**MATERIAL PROVIDED:**
-----

lemma bij_betw_raise:
  assumes "m ! Suc M = 0" "M \<le> length m"
  shows "bij_betw (\<lambda>(B, c). raise (int M) B c)
     (paths_with_stats M k (take M m @ [0]) \<times> compositions (k ! M) (k ! Suc M) (m ! M))
     (paths_with_stats (Suc M) k m)"
proof (rule bij_betwI')
  fix x y
  assume x: "x \<in> paths_with_stats M k (take M m @ [0]) \<times> compositions (k ! M) (k ! Suc M) (m ! M)"
    and y: "y \<in> paths_with_stats M k (take M m @ [0]) \<times> compositions (k ! M) (k ! Suc M) (m ! M)"
  obtain B c B' c' where xy: "x = (B, c)" "y = (B', c')" by (cases x, cases y)
  have "raise_step M B c" "raise_step M B' c'" using x y xy raise_step_if_mem by blast+
  then show "((\<lambda>(B, c). raise (int M) B c) x = (\<lambda>(B, c). raise (int M) B c) y) = (x = y)"
    using raise_step.ungraft_raise xy by (metis old.prod.case)
next
  fix x
  assume x: "x \<in> paths_with_stats M k (take M m @ [0]) \<times> compositions (k ! M) (k ! Suc M) (m ! M)"
  obtain B c where xB: "x = (B, c)" by (cases x)
  then interpret raise_step M B c using x raise_step_if_mem by blast
  have "\<forall>n\<le>M. descents (int n) B = k ! n \<and> double_descents (int n) B = (take M m @ [0]) ! n"
    "c \<in> compositions (k ! M) (k ! Suc M) (m ! M)"
    using x xB by (auto simp: paths_with_stats_def)
  then have "\<forall>n\<le>Suc M. descents (int n) (raise (int M) B c) = k ! n
               \<and> double_descents (int n) (raise (int M) B c) = m ! n"
    using raise_stats_iff[OF assms] by blast
  then show "(\<lambda>(B, c). raise (int M) B c) x \<in> paths_with_stats (Suc M) k m"
    using path_to_raise xB by (simp add: paths_with_stats_def add.commute)
next
  fix P
  assume P: "P \<in> paths_with_stats (Suc M) k m"
  then have "path_to (int M + 1) P" by (simp add: paths_with_stats_def add.commute)
  then obtain B c where step: "raise_step M B c" and P_eq: "P = raise (int M) B c"
    by (rule path_to_Suc_obtain_raise)
  interpret raise_step M B c by (fact step)
  have "\<forall>n\<le>Suc M. descents (int n) (raise (int M) B c) = k ! n
          \<and> double_descents (int n) (raise (int M) B c) = m ! n"
    using P P_eq by (simp add: paths_with_stats_def)
  then have "(B, c) \<in> paths_with_stats M k (take M m @ [0]) \<times> compositions (k ! M) (k ! Suc M) (m ! M)"
    using raise_stats_iff[OF assms] path by (simp add: paths_with_stats_def)
  then show "\<exists>x\<in>paths_with_stats M k (take M m @ [0]) \<times> compositions (k ! M) (k ! Suc M) (m ! M).
      P = (\<lambda>(B, c). raise (int M) B c) x"
    using P_eq by force
qed

section \<open>Counting compositions\<close>

lemma sum_lessThan_choose: "(\<Sum>y<s. y choose b) = s choose Suc b"
  by (induction s) auto

lemma sum_choose_diff: "(\<Sum>x\<in>{1..s}. (s - x) choose b) = s choose Suc b"
proof -
  have "(\<Sum>x\<in>{1..s}. (s - x) choose b) = (\<Sum>y<s. y choose b)"
    by (rule sum.reindex_bij_witness[of _ "\<lambda>y. s - y" "\<lambda>x. s - x"]) auto
  then show ?thesis using sum_lessThan_choose by simp
qed

lemma finite_compositions: "finite (compositions a s b)"
proof (rule finite_subset)
  show "compositions a s b \<subseteq> {c. set c \<subseteq> {0..s} \<and> length c = Suc a}"
    using member_le_sum_list by (fastforce simp: compositions_def)
qed (rule finite_lists_length_eq, simp)

lemma compositions_0: "compositions 0 s b = (if b = 0 then {[s]} else {})"
proof -
  have "c \<in> compositions 0 s b \<longleftrightarrow> b = 0 \<and> c = [s]" for c
    by (cases c) (auto simp: compositions_def)
  then show ?thesis by auto
qed

lemma compositions_Suc_0: "compositions (Suc a) s 0 = Cons 0 ` compositions a s 0"
proof -
  have "c \<in> compositions (Suc a) s 0 \<longleftrightarrow> (\<exists>c'. c = 0 # c' \<and> c' \<in> compositions a s 0)" for c
    by (cases c; cases "tl c") (auto simp: compositions_def)
  then show ?thesis by auto
qed

lemma compositions_Suc_Suc:
  "compositions (Suc a) s (Suc b) =
     Cons 0 ` compositions a s (Suc b) \<union> (\<lambda>(x, c). x # c) ` (SIGMA x:{1..s}. compositions a (s - x) b)"
proof -
  have "c \<in> compositions (Suc a) s (Suc b) \<longleftrightarrow>
      (\<exists>c'. c = 0 # c' \<and> c' \<in> compositions a s (Suc b)) \<or>
      (\<exists>x c'. c = x # c' \<and> x \<in> {1..s} \<and> c' \<in> compositions a (s - x) b)" for c
    by (cases c; cases "tl c") (auto simp: compositions_def)
  then show ?thesis by (intro set_eqI) (force simp: image_iff)
qed

lemma card_compositions: "card (compositions a s b) = (a choose b) * (s choose b)"
proof (induction a arbitrary: s b)
  case 0
  then show ?case by (cases b) (auto simp: compositions_0)
next
  case (Suc a)
  show ?case
  proof (cases b)
    case 0
    then show ?thesis using Suc compositions_Suc_0 by (simp add: card_image)
  next
    case (Suc b')
    let ?S = "SIGMA x:{1..s}. compositions a (s - x) b'"
    have inj: "inj_on (\<lambda>(x, c). x # c) ?S"
      by (auto simp: inj_on_def)
    have "card (compositions (Suc a) s b) =
        card (Cons 0 ` compositions a s (Suc b')) + card ((\<lambda>(x, c). x # c) ` ?S)"
      unfolding Suc compositions_Suc_Suc by (rule card_Un_disjoint) (auto simp: finite_compositions)
    also have "\<dots> = card (compositions a s (Suc b')) + (\<Sum>x\<in>{1..s}. card (compositions a (s - x) b'))"
      by (subst card_image[OF inj], subst card_SigmaI) (auto simp: finite_compositions card_image)
    also have "\<dots> = (a choose Suc b') * (s choose Suc b') + (a choose b') * (\<Sum>x\<in>{1..s}. (s - x) choose b')"
      using Suc.IH by (simp add: sum_distrib_left)
    also have "\<dots> = (Suc a choose b) * (s choose b)"
      using sum_choose_diff[of s b'] Suc by (simp add: algebra_simps)
    finally show ?thesis .
  qed
qed

lemma binom_vec_eq_lessThan:
  "binom_vec M x y = (\<Prod>n<M. x ! n choose y ! n) * (x ! M choose y ! M)"
  unfolding binom_vec_def lessThan_Suc_atMost[symmetric] by (simp add: mult.commute)

lemma ktilde_nth: "n < length k \<Longrightarrow> ktilde k ! n = (if Suc n < length k then k ! Suc n else 0)"
  by (cases k) (auto simp: ktilde_def nth_append)

lemma paths_with_stats_0: "k ! 0 = 0 \<Longrightarrow> m ! 0 = 0 \<Longrightarrow> paths_with_stats 0 k m = {[-1, 0]}"
  by (auto simp: paths_with_stats_def path_to_0_iff descents_def double_descents_def)

lemma paths_with_stats_take: "paths_with_stats M (take (Suc M) k) m = paths_with_stats M k m"
  by (simp add: paths_with_stats_def)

-----

**REQUIRED ACTION:** Wherever the word "assms" turns up in the records above, copy the line that holds it.

**ANSWER TO THE EXERCISE:**
    using raise_stats_iff[OF assms] by blast
    using raise_stats_iff[OF assms] path by (simp add: paths_with_stats_def)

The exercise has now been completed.